#### [Dataset entries]
=-=-=-=-=
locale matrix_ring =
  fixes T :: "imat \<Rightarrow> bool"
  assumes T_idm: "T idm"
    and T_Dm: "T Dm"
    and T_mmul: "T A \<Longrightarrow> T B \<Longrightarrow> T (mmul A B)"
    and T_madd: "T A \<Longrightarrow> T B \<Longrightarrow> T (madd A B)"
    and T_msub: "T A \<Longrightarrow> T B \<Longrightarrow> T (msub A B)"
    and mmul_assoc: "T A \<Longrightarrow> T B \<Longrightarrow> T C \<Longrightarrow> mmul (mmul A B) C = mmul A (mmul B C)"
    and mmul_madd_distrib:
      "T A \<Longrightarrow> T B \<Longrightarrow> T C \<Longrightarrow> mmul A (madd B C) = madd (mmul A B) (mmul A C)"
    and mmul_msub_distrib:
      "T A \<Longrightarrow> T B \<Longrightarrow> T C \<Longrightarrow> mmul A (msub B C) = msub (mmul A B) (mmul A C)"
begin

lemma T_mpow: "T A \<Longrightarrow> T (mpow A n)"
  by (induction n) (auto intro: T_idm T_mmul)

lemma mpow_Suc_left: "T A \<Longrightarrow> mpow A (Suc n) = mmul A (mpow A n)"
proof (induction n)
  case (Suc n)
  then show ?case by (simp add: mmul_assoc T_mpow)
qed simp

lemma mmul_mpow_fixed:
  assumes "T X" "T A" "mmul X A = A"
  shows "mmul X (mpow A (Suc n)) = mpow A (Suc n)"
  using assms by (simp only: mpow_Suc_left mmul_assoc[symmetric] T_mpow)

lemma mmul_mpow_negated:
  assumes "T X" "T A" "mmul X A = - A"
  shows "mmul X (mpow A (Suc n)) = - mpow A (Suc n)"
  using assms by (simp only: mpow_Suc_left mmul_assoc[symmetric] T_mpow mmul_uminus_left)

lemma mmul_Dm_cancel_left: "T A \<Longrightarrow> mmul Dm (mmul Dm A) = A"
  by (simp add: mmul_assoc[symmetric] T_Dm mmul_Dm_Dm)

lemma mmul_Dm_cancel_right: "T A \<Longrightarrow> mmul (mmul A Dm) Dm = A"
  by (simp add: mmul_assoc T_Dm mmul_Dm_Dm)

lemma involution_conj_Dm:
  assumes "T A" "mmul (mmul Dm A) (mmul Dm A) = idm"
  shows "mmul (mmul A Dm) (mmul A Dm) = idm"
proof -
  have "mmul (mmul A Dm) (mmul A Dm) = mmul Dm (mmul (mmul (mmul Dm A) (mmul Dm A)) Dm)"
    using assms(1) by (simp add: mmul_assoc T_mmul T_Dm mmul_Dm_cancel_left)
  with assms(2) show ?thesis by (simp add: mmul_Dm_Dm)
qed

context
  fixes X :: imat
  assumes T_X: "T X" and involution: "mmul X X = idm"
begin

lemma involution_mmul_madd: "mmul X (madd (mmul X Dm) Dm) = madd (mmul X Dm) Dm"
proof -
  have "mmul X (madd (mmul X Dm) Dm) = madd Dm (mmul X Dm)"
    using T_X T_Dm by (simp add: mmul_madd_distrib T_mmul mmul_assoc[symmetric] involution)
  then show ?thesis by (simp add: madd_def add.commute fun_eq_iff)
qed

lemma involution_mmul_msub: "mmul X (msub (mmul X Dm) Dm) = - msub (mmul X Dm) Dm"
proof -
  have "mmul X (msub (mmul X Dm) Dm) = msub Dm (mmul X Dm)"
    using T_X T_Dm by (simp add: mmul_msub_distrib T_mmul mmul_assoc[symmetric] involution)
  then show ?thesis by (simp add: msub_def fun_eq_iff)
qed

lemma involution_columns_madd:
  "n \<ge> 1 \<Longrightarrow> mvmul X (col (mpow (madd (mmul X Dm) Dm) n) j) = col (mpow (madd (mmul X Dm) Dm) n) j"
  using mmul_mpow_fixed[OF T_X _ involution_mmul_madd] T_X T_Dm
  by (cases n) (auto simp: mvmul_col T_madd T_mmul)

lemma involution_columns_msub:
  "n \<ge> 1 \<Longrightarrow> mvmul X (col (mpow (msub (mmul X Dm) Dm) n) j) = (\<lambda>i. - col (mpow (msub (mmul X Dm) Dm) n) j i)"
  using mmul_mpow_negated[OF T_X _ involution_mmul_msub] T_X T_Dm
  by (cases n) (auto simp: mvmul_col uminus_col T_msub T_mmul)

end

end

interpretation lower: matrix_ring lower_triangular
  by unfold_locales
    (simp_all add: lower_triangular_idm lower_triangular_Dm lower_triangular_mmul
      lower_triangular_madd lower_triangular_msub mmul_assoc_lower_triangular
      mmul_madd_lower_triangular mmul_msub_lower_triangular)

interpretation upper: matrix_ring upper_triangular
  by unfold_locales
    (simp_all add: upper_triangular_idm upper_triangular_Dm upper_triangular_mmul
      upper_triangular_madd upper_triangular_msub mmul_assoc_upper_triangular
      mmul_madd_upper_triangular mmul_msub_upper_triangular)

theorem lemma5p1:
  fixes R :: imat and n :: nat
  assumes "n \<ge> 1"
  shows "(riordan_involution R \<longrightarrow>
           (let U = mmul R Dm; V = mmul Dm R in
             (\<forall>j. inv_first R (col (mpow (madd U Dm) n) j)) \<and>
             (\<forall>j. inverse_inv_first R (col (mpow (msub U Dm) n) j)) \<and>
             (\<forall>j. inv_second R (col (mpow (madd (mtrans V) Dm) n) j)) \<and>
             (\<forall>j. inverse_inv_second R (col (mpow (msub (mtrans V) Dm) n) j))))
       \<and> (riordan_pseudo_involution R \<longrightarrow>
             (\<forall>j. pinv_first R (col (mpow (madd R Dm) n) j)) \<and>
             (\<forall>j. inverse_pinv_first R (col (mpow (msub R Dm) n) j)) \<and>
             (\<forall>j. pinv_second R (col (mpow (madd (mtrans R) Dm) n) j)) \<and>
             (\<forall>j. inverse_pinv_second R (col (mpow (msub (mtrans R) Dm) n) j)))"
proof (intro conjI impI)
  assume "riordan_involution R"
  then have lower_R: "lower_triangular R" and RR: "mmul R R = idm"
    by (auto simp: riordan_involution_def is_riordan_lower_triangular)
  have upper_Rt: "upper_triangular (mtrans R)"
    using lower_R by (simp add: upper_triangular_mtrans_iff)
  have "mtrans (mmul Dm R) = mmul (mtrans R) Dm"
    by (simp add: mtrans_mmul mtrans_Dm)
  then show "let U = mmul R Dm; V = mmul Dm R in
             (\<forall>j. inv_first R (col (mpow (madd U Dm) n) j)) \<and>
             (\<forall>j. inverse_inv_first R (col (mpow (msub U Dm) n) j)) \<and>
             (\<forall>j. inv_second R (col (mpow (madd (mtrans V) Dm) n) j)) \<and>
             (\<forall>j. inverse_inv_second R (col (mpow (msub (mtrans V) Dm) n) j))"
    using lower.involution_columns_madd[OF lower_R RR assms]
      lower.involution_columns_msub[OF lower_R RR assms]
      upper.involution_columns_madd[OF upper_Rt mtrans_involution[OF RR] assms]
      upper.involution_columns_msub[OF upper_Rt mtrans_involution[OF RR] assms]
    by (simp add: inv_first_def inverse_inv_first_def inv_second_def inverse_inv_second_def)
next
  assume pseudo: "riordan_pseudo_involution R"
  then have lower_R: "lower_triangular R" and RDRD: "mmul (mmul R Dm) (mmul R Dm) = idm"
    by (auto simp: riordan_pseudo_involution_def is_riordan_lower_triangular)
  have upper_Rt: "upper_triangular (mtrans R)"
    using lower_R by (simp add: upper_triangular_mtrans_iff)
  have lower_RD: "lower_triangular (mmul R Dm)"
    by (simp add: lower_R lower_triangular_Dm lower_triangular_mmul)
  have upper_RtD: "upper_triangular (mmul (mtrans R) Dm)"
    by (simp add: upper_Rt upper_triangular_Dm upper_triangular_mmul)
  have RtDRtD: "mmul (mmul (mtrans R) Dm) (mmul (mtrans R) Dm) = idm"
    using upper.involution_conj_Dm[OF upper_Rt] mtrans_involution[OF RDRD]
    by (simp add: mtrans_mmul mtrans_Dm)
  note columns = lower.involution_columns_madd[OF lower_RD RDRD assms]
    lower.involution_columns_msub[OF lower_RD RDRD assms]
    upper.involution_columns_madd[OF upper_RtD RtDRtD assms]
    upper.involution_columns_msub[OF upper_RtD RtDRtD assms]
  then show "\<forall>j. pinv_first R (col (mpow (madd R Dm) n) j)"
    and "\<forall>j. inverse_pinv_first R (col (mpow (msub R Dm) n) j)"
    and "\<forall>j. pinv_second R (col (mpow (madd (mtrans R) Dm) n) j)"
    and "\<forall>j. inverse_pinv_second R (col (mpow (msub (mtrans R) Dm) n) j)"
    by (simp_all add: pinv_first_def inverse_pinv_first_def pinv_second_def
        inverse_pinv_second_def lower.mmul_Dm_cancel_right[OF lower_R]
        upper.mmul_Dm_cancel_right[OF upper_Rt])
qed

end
=-=-=-=-=
From the very first line of the records down to the line with "B \<Longrightarrow> T (madd", please write out each line exactly, including both ends and no other lines.

locale matrix_ring =
  fixes T :: "imat \<Rightarrow> bool"
  assumes T_idm: "T idm"
    and T_Dm: "T Dm"
    and T_mmul: "T A \<Longrightarrow> T B \<Longrightarrow> T (mmul A B)"
    and T_madd: "T A \<Longrightarrow> T B \<Longrightarrow> T (madd A B)"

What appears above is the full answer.